- Data records:
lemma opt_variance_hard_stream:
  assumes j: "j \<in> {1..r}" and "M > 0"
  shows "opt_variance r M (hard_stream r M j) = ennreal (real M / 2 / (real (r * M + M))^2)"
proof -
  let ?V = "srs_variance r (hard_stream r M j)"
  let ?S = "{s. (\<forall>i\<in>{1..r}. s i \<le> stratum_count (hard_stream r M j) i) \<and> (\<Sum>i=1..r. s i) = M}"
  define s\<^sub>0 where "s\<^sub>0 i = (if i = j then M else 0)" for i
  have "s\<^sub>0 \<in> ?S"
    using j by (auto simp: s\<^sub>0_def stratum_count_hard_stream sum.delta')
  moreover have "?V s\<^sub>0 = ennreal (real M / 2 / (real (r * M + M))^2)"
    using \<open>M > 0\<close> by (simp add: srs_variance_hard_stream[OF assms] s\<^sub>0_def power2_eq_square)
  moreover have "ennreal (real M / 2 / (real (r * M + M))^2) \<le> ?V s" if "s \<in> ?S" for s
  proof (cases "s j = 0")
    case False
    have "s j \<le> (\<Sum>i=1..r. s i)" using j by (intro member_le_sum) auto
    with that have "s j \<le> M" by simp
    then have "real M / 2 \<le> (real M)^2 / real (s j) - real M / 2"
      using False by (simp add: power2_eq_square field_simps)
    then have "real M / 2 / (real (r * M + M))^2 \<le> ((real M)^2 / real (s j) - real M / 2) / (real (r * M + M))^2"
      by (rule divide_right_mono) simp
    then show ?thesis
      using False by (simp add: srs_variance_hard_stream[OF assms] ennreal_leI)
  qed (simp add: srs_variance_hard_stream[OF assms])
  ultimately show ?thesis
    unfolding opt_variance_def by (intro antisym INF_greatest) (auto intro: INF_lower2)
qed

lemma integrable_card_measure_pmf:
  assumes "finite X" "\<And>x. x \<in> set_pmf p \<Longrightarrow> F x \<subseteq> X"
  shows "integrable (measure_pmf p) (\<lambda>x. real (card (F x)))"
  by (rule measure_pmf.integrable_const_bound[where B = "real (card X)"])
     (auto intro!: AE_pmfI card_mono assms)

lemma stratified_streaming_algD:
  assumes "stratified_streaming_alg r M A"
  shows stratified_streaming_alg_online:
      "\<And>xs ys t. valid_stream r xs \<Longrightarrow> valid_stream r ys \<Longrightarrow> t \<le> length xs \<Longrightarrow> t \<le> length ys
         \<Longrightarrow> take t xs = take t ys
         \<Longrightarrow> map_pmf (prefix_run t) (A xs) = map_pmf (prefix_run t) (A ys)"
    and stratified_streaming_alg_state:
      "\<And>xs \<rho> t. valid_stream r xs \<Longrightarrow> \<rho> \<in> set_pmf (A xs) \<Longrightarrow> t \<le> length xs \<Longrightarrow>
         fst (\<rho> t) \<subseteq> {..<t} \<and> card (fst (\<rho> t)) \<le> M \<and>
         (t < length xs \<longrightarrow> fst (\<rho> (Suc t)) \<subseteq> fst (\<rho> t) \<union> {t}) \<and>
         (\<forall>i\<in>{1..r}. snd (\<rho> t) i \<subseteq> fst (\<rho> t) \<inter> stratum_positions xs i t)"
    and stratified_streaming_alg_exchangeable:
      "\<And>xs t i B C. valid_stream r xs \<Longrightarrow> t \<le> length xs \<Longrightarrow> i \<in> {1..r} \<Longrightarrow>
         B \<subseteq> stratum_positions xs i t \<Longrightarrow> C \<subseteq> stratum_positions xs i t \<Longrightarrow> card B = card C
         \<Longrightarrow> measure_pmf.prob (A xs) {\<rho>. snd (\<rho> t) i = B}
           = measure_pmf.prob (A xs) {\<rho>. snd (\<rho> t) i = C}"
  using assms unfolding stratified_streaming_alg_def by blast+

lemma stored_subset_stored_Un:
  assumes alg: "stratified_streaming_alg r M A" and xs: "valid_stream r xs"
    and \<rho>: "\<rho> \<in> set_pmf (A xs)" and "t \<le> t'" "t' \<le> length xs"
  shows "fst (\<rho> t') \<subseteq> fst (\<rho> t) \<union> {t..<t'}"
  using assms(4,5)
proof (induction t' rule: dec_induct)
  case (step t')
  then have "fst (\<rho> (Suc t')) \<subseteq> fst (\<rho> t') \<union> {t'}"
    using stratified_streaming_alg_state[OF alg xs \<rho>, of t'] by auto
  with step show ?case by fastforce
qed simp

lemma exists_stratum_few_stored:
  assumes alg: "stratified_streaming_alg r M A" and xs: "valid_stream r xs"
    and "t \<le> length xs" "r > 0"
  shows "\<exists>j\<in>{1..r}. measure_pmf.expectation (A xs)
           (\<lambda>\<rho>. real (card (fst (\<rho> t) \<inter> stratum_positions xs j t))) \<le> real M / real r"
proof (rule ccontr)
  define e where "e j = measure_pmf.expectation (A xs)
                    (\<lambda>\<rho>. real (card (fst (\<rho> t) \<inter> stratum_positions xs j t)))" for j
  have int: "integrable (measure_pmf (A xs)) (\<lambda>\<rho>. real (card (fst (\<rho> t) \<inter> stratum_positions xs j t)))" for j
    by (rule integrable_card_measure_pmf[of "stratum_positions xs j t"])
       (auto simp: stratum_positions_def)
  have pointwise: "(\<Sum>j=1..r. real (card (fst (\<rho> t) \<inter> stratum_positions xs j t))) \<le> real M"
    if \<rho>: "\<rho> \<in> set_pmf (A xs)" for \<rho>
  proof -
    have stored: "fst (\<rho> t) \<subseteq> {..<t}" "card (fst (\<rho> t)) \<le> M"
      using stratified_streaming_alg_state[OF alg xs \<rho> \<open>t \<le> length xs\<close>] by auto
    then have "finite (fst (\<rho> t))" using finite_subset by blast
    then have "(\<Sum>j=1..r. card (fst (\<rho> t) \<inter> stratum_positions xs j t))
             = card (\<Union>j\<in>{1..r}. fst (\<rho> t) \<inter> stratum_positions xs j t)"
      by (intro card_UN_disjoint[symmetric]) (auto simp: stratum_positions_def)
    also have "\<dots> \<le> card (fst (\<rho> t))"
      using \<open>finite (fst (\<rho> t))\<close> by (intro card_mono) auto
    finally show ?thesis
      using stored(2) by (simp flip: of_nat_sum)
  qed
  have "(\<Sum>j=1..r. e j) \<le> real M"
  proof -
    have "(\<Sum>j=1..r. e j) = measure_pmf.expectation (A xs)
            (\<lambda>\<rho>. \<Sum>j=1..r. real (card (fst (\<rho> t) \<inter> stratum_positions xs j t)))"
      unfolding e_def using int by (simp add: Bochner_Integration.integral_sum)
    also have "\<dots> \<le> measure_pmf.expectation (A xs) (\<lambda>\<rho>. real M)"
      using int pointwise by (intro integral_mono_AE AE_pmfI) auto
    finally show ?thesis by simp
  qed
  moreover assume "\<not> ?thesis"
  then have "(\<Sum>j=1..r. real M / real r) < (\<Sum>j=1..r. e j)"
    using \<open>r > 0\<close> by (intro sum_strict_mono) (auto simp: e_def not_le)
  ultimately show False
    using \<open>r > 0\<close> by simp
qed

- YOUR TASK:
Set down, exactly as they appear above, all lines from the one that has "qed (simp add: srs_variance_hard_stream[OF" down to the one that has "by (rule measure_pmf.integrable_const_bound[where", including those two and no others.

- RESULT:
  qed (simp add: srs_variance_hard_stream[OF assms])
  ultimately show ?thesis
    unfolding opt_variance_def by (intro antisym INF_greatest) (auto intro: INF_lower2)
qed

lemma integrable_card_measure_pmf:
  assumes "finite X" "\<And>x. x \<in> set_pmf p \<Longrightarrow> F x \<subseteq> X"
  shows "integrable (measure_pmf p) (\<lambda>x. real (card (F x)))"
  by (rule measure_pmf.integrable_const_bound[where B = "real (card X)"])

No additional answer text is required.